# Easy, low-light, Discus planted tank?



## JNish (Sep 1, 2009)

Hi, I'm setting up a 55gal planted tank with the intention of adding discus once established. I want to keep it low tech though, so that means I'd prefer to not buy lots of light or a CO2 injection system due to budget concerns. I have one 40W florescent light (2800K, says its good for plants) and the tank is directly in front of a north-facing window. Also have fluorite substrate with pea gravel on top.

I found that AquariumGarden has a 36 plant assortment for discus. I've done a bit of research and most of these plants are good for low-light, low CO2 conditions. So my questions:

Is 40W plus indirect sunlight enough for a 55gal tank with these plants?
Do I need to add CO2? I've heard of DIY setups, any particularly good/easy system recommended?
Any comments on AquariumGarden or this selection of plants?

Thanks in advance!
- James


----------



## dmastin (Jun 27, 2009)

I ordered this exact package. See pictures and comments here:
http://fwaquarium.blogspot.com/ 
Go the bottom right and click "June". Here you will find my entries pertaining to the purchase.
I think it's smart to plant heavily from the beginning, so although I could have cobbled a bunch of plants together by various means, I'm glad I started with this package. Vic made good on the hair grass by sending several pots worth not too long after receiving the initial set.

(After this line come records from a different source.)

(* Let $G$ be a hypo-efficient domination graph that is also a vertex domination-critical graph. Then for every vertex $v\in V(G)$, the graph $G-v$ has exactly one efficient dominating set. If in addition $G$ is regular, then $G$ is a hypo-unique domination graph.
   Context: All graphs are finite, simple and undirected. For $v\in V(G)$, $N[v]$ is the closed neighborhood of $v$. A set $D\subseteq V(G)$ is dominating if every vertex of $G$ not in $D$ has a neighbor in $D$; $\gamma(G)$ is the minimum size of a dominating set, and a dominating set of size $\gamma(G)$ is a $\gamma$-set. A vertex $v$ is $\gamma$-critical if $\gamma(G-v)<\gamma(G)$; $G$ is a vertex domination-critical graph if every vertex is $\gamma$-critical. A set $D\subseteq V(H)$ is an efficient dominating set (EDS) of $H$ if $|N_H[v]\cap D|=1$ for every $v\in V(H)$. $G$ is a hypo-efficient domination graph if $G$ has no EDS but $G-v$ has at least one EDS for every $v\in V(G)$. $G$ is a hypo-unique domination graph if $G$ has at least two $\gamma$-sets but $G-v$ has exactly one $\gamma$-set for every $v\in V(G)$. *)

theory Defs
  imports Main
begin

definition graph :: "'a set \<Rightarrow> ('a \<Rightarrow> 'a \<Rightarrow> bool) \<Rightarrow> bool" where
  "graph V E \<longleftrightarrow> finite V \<and> (\<forall>u v. E u v \<longrightarrow> u \<in> V \<and> v \<in> V) \<and>
     (\<forall>u v. E u v \<longrightarrow> E v u) \<and> (\<forall>v. \<not> E v v)"

definition del_vertex :: "('a \<Rightarrow> 'a \<Rightarrow> bool) \<Rightarrow> 'a \<Rightarrow> 'a \<Rightarrow> 'a \<Rightarrow> bool" where
  "del_vertex E v = (\<lambda>x y. E x y \<and> x \<noteq> v \<and> y \<noteq> v)"

definition closed_nbhd :: "'a set \<Rightarrow> ('a \<Rightarrow> 'a \<Rightarrow> bool) \<Rightarrow> 'a \<Rightarrow> 'a set" where
  "closed_nbhd V E v = {u \<in> V. u = v \<or> E v u}"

I have close to 3 watts per gallon and pressurized CO2 so I can't speak to your other questions. Good luck!



JNish said:


> Hi, I'm setting up a 55gal planted tank with the intention of adding discus once established. I want to keep it low tech though, so that means I'd prefer to not buy lots of light or a CO2 injection system due to budget concerns. I have one 40W florescent light (2800K, says its good for plants) and the tank is directly in front of a north-facing window. Also have fluorite substrate with pea gravel on top.
> 
> I found that AquariumGarden has a 36 plant assortment for discus. I've done a bit of research and most of these plants are good for low-light, low CO2 conditions. So my questions:
> 
> ...


----------



## JNish (Sep 1, 2009)

I had actually come across your blog while looking for suitable plants. Very nice setup you have, it looks like its growing in well. I noticed that they shipped quite a bit of anacharis, of which I'm not much of a fan, though tropica does inform that it can prevent algae growth. Question: is there a particular reason for planting heavily at the beginning?

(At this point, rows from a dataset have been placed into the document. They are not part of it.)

lemma Hinf_const: "(\<lambda>t. c) \<in> Hinf"
  by (rule HinfI[where F="\<lambda>z. c" and M="norm c"]) auto

lemma Hinf_mult:
  assumes "f \<in> Hinf" "g \<in> Hinf" shows "(\<lambda>t. f t * g t) \<in> Hinf"
proof -
  obtain F M where F: "F holomorphic_on ball 0 1" "\<And>z. z \<in> ball 0 1 \<Longrightarrow> norm (F z) \<le> M"
    "AE t in circ. ((\<lambda>r. F (complex_of_real r * cis t)) \<longlongrightarrow> f t) (at_left 1)"
    using HinfE[OF assms(1)] by blast
  obtain G N where G: "G holomorphic_on ball 0 1" "\<And>z. z \<in> ball 0 1 \<Longrightarrow> norm (G z) \<le> N"
    "AE t in circ. ((\<lambda>r. G (complex_of_real r * cis t)) \<longlongrightarrow> g t) (at_left 1)"
    using HinfE[OF assms(2)] by blast
  show ?thesis
  proof (rule HinfI[where F="\<lambda>z. F z * G z" and M="M * N"])
    show "(\<lambda>z. F z * G z) holomorphic_on ball 0 1" using F(1) G(1) by (intro holomorphic_intros)
    show "norm (F z * G z) \<le> M * N" if "z \<in> ball 0 1" for z
      using F(2)[OF that] G(2)[OF that] by (auto simp: norm_mult intro!: mult_mono order_trans[OF norm_ge_zero])
    show "AE t in circ. ((\<lambda>r. F (complex_of_real r * cis t) * G (complex_of_real r * cis t)) \<longlongrightarrow> f t * g t) (at_left 1)"
      using F(3) G(3) by eventually_elim (rule tendsto_mult)
  qed
qed

lemma Hinf_add:
  assumes "f \<in> Hinf" "g \<in> Hinf" shows "(\<lambda>t. f t + g t) \<in> Hinf"
proof -
  obtain F M where F: "F holomorphic_on ball 0 1" "\<And>z. z \<in> ball 0 1 \<Longrightarrow> norm (F z) \<le> M"
    "AE t in circ. ((\<lambda>r. F (complex_of_real r * cis t)) \<longlongrightarrow> f t) (at_left 1)"
    using HinfE[OF assms(1)] by blast
  obtain G N where G: "G holomorphic_on ball 0 1" "\<And>z. z \<in> ball 0 1 \<Longrightarrow> norm (G z) \<le> N"
    "AE t in circ. ((\<lambda>r. G (complex_of_real r * cis t)) \<longlongrightarrow> g t) (at_left 1)"
    using HinfE[OF assms(2)] by blast
  show ?thesis
  proof (rule HinfI[where F="\<lambda>z. F z + G z" and M="M + N"])
    show "(\<lambda>z. F z + G z) holomorphic_on ball 0 1" using F(1) G(1) by (intro holomorphic_intros)
    show "norm (F z + G z) \<le> M + N" if "z \<in> ball 0 1" for z
      using F(2)[OF that] G(2)[OF that] by (auto intro: order_trans[OF norm_triangle_ineq] add_mono)
    show "AE t in circ. ((\<lambda>r. F (complex_of_real r * cis t) + G (complex_of_real r * cis t)) \<longlongrightarrow> f t + g t) (at_left 1)"
      using F(3) G(3) by eventually_elim (rule tendsto_add)
  qed
qed

lemma Hinf_nonzero_AE:
  assumes f: "f \<in> Hinf" and nz: "\<not> (AE t in circ. f t = 0)"
  shows "AE t in circ. f t \<noteq> 0"
proof -
  obtain F M where F: "F holomorphic_on ball 0 1" "\<And>z. z \<in> ball 0 1 \<Longrightarrow> norm (F z) \<le> M"
    and radial: "AE t in circ. ((\<lambda>r. F (complex_of_real r * cis t)) \<longlongrightarrow> f t) (at_left 1)"
    using HinfE[OF f] by blast
  show ?thesis
  proof (cases "\<exists>z\<in>ball 0 1. F z \<noteq> 0")
    case True
    then have "AE t in circ. \<not> ((\<lambda>r. F (of_real r * cis t)) \<longlongrightarrow> 0) (at_left 1)"
      using radial_limit_nonzero_AE F by blast
    with radial show ?thesis by eventually_elim auto
  next
    case False
    have vanish: "\<forall>\<^sub>F r in at_left 1. F (complex_of_real r * cis t) = 0" for t
      using eventually_at_left_real[OF zero_less_one]
      by eventually_elim (use False in \<open>auto simp: norm_mult\<close>)
    have "AE t in circ. f t = 0"
      using radial
      by eventually_elim (metis vanish tendsto_unique tendsto_eventually trivial_limit_at_left_real)
    then show ?thesis using nz by blast
  qed
qed

lemma NevI:
  assumes "f \<in> Hinf" "g \<in> Hinf" "AE t in circ. g t \<noteq> 0" "AE t in circ. h t = f t / g t"
  shows "h \<in> Nev"
proof -
  have "\<not> (AE t in circ. g t = 0)"
  proof
    assume "AE t in circ. g t = 0"
    with assms(3) have "AE t in circ. False" by eventually_elim simp
    then show False using circ_ae_not_bot by (simp add: eventually_False)
  qed
  then show ?thesis using assms unfolding Nev_def by blast
qed

lemma NevE:
  assumes "h \<in> Nev"
  obtains f g where "f \<in> Hinf" "g \<in> Hinf" "AE t in circ. g t \<noteq> 0" "AE t in circ. h t = f t / g t"
  using assms Hinf_nonzero_AE unfolding Nev_def by blast

lemma Nev_cong:
  assumes "h \<in> Nev" "AE t in circ. h t = h' t" shows "h' \<in> Nev"
proof -
  obtain f g where fg: "f \<in> Hinf" "g \<in> Hinf" "AE t in circ. g t \<noteq> 0" "AE t in circ. h t = f t / g t"
    using NevE[OF assms(1)] by blast
  have "AE t in circ. h' t = f t / g t" using fg(4) assms(2) by eventually_elim simp
  then show ?thesis using NevI[OF fg(1-3)] by blast
qed

lemma Nev_const: "(\<lambda>t. c) \<in> Nev"
  by (rule NevI[OF Hinf_const[of c] Hinf_const[of 1]]) auto

lemma Nev_mult:
  assumes "h1 \<in> Nev" "h2 \<in> Nev" shows "(\<lambda>t. h1 t * h2 t) \<in> Nev"
proof -
  obtain f1 g1 where 1: "f1 \<in> Hinf" "g1 \<in> Hinf" "AE t in circ. g1 t \<noteq> 0" "AE t in circ. h1 t = f1 t / g1 t"
    using NevE[OF assms(1)] by blast
  obtain f2 g2 where 2: "f2 \<in> Hinf" "g2 \<in> Hinf" "AE t in circ. g2 t \<noteq> 0" "AE t in circ. h2 t = f2 t / g2 t"
    using NevE[OF assms(2)] by blast
  show ?thesis
  proof (rule NevI[OF Hinf_mult[OF 1(1) 2(1)] Hinf_mult[OF 1(2) 2(2)]])
    show "AE t in circ. g1 t * g2 t \<noteq> 0" using 1(3) 2(3) by eventually_elim simp
    show "AE t in circ. h1 t * h2 t = f1 t * f2 t / (g1 t * g2 t)" using 1(4) 2(4) by eventually_elim simp
  qed
qed

lemma Nev_add:
  assumes "h1 \<in> Nev" "h2 \<in> Nev" shows "(\<lambda>t. h1 t + h2 t) \<in> Nev"
proof -
  obtain f1 g1 where 1: "f1 \<in> Hinf" "g1 \<in> Hinf" "AE t in circ. g1 t \<noteq> 0" "AE t in circ. h1 t = f1 t / g1 t"
    using NevE[OF assms(1)] by blast
  obtain f2 g2 where 2: "f2 \<in> Hinf" "g2 \<in> Hinf" "AE t in circ. g2 t \<noteq> 0" "AE t in circ. h2 t = f2 t / g2 t"
    using NevE[OF assms(2)] by blast
  show ?thesis
  proof (rule NevI[OF Hinf_add[OF Hinf_mult[OF 1(1) 2(2)] Hinf_mult[OF 2(1) 1(2)]] Hinf_mult[OF 1(2) 2(2)]])
    show "AE t in circ. g1 t * g2 t \<noteq> 0" using 1(3) 2(3) by eventually_elim simp
    show "AE t in circ. h1 t + h2 t = (f1 t * g2 t + f2 t * g1 t) / (g1 t * g2 t)"
      using 1(3,4) 2(3,4) by eventually_elim (simp add: field_simps)
  qed
qed

lemma Nev_nonzero_AE:
  assumes "h \<in> Nev" "\<not> (AE t in circ. h t = 0)" shows "AE t in circ. h t \<noteq> 0"
proof -
  obtain f g where fg: "f \<in> Hinf" "g \<in> Hinf" "AE t in circ. g t \<noteq> 0" "AE t in circ. h t = f t / g t"
    using NevE[OF assms(1)] by blast
  have "\<not> (AE t in circ. f t = 0)"
  proof
    assume "AE t in circ. f t = 0"
    with fg(4) have "AE t in circ. h t = 0" by eventually_elim simp
    then show False using assms(2) by blast
  qed
  then have "AE t in circ. f t \<noteq> 0" by (rule Hinf_nonzero_AE[OF fg(1)])
  then show ?thesis using fg(3,4) by eventually_elim simp
qed

lemma Nev_inverse:
  assumes "h \<in> Nev" "\<not> (AE t in circ. h t = 0)" shows "(\<lambda>t. inverse (h t)) \<in> Nev"
proof -
  obtain f g where fg: "f \<in> Hinf" "g \<in> Hinf" "AE t in circ. g t \<noteq> 0" "AE t in circ. h t = f t / g t"
    using NevE[OF assms(1)] by blast
  have "AE t in circ. f t \<noteq> 0"
    using Nev_nonzero_AE[OF assms] fg(4) by eventually_elim simp
  moreover have "AE t in circ. inverse (h t) = g t / f t"
    using fg(4) by eventually_elim simp
  ultimately show ?thesis by (rule NevI[OF fg(2,1)])
qed

lemma Nev_divide:
  assumes "h1 \<in> Nev" "h2 \<in> Nev" "\<not> (AE t in circ. h2 t = 0)" shows "(\<lambda>t. h1 t / h2 t) \<in> Nev"
  using Nev_mult[OF assms(1) Nev_inverse[OF assms(2,3)]] by (simp add: divide_inverse)

lemma Nev_sum:
  assumes "\<And>i. i \<in> S \<Longrightarrow> f i \<in> Nev" shows "(\<lambda>t. \<Sum>i\<in>S. f i t) \<in> Nev"
proof (cases "finite S")
  case True
  then show ?thesis using assms
    by (induction S rule: finite_induct) (auto intro: Nev_const[of 0, simplified] Nev_add)
qed (simp add: Nev_const)

lemma Nev_prod:
  assumes "\<And>i. i \<in> S \<Longrightarrow> f i \<in> Nev" shows "(\<lambda>t. \<Prod>i\<in>S. f i t) \<in> Nev"
proof (cases "finite S")
  case True
  then show ?thesis using assms
    by (induction S rule: finite_induct) (auto intro: Nev_const[of 1, simplified] Nev_mult)
qed (simp add: Nev_const)

lemma Nev_det:
  fixes M :: "real \<Rightarrow> complex ^'n::finite ^'n"
  assumes "\<And>i j. (\<lambda>t. M t $ i $ j) \<in> Nev"
  shows "(\<lambda>t. det (M t)) \<in> Nev"
  unfolding det_def using assms by (intro Nev_sum Nev_mult Nev_const Nev_prod)

lemma Nev_vec_matrix_vector_mult:
  fixes X :: "real \<Rightarrow> complex ^'m::finite ^'l::finite"
  assumes "\<And>i j. (\<lambda>t. X t $ i $ j) \<in> Nev" "v \<in> Nev_vec"
  shows "(\<lambda>t. X t *v v t) \<in> Nev_vec"
  using assms unfolding Nev_vec_def matrix_vector_mult_def by (auto intro!: Nev_sum Nev_mult)

section \<open>Independence modulo the Nevanlinna class\<close>

definition row_submatrix :: "'a ^ 'm ^ 'l \<Rightarrow> ('m \<Rightarrow> 'l) \<Rightarrow> 'a ^ 'm ^ 'm" where
  "row_submatrix M \<rho> = (\<chi> i. M $ \<rho> i)"

lemma row_submatrix_nth [simp]: "row_submatrix M \<rho> $ i = M $ \<rho> i"
  by (simp add: row_submatrix_def)

lemma row_submatrix_mult_vector:
  "(row_submatrix M \<rho> *v x) $ i = (M *v x) $ \<rho> i"
  by (simp add: row_submatrix_def matrix_vector_mult_def)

I also came across AquariumPlants.com, who have the largest selection of plants I've come across so far. Created a little wish list:

Amazon Sword (Echinodorus bleheri)
Anubias barteri v. ‘Round Leaf’
Vallisneria spiralis
Dwarf Hairgrass (Eleocharis acicularis)
Clover, four leaf (Marsilea quadrifolia)
Wendtii, Green (Cryptocoryne wendtii) 
Subulata, Dwarf (Sagittaria subulata)
Java Fern (Microsorium pteropus) 
Pelia (Monosolenium Tenerum)
Green Temple (Hygrophilia corymbosa) 

The subulata and vallisneria come in 10 plants/order. The total comes out to be $43.26 before shipping, ordering one plant each. So that's 28 plants for half the price of the other supplier. I think I'll probably go with this and know exactly what I'm getting. 

Any comments on plant selection? How about lighting/CO2 needs (or lack of?)


----------



## dmastin (Jun 27, 2009)

re: planting heavily http://www.aquaticplantcentral.com/forumapc/new-planted-aquariums/61345-planting-heavily.html
I read that Dwarf Hairgrass needs high light and liquid CO2 supplementation in order to spread significantly.
I cannot speak specifically to your other plant choices and light/CO2 requirements. I just don't have the experience.
Will you have fish? Do you have a fertilization plan in mind?
I've used DIY CO2 using 2liter soda bottles and yeast/sugar. It could not get much cheaper and it does work. There are plenty of guides for this out there.
As I understand your goal may be the most important variable at this point. If you're going for stable slow growth, then your low lighting perhaps supplemented with liquid CO2 (Excel) and/or DIY CO2 could be just fine.
Maybe talk about your overall goal and you could create a journal thread with pics of your tank and window location that would likely generate more comments. Good luck!
David


----------



## armedbiggiet (May 6, 2006)

That 40w of yours is not really going to work, 2 of that you would be okay. That 2800k is for in door plants not aquatic plants. Under water 6700k get a much better result. And some of your list need CO2.



JNish said:


> I had actually come across your blog while looking for suitable plants. Very nice setup you have, it looks like its growing in well. I noticed that they shipped quite a bit of anacharis, of which I'm not much of a fan, though tropica does inform that it can prevent algae growth. Question: is there a particular reason for planting heavily at the beginning?
> 
> I also came across AquariumPlants.com, who have the largest selection of plants I've come across so far. Created a little wish list:
> 
> ...


----------